Stored data entries
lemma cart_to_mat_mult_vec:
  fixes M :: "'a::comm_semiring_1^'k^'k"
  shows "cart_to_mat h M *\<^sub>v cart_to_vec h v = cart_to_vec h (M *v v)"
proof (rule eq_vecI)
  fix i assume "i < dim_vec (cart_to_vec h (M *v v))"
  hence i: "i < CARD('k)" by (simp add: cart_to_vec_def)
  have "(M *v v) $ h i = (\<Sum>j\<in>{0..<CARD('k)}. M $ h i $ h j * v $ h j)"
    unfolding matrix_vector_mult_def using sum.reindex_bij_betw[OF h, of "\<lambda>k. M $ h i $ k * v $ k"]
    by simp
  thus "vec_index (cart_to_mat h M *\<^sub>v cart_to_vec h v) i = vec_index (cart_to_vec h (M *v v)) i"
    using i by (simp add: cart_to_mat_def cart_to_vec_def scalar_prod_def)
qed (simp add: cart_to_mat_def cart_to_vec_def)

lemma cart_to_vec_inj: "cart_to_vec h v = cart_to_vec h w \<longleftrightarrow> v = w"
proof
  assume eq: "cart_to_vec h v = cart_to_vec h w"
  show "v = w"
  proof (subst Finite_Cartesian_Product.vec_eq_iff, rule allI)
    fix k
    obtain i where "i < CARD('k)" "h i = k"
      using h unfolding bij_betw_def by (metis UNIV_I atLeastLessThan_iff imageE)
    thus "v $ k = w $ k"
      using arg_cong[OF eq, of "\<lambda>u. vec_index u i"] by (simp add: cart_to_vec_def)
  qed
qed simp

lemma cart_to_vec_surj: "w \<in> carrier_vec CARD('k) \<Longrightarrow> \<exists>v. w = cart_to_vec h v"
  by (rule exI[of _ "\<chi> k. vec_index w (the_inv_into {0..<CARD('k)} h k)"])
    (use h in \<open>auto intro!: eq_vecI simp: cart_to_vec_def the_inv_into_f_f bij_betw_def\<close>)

**Action item:**
Set down exactly, and only, the lines from the one containing "using arg_cong[OF eq, of" to the final line of the data.

**Response to the task:**
      using arg_cong[OF eq, of "\<lambda>u. vec_index u i"] by (simp add: cart_to_vec_def)
  qed
qed simp

lemma cart_to_vec_surj: "w \<in> carrier_vec CARD('k) \<Longrightarrow> \<exists>v. w = cart_to_vec h v"
  by (rule exI[of _ "\<chi> k. vec_index w (the_inv_into {0..<CARD('k)} h k)"])
    (use h in \<open>auto intro!: eq_vecI simp: cart_to_vec_def the_inv_into_f_f bij_betw_def\<close>)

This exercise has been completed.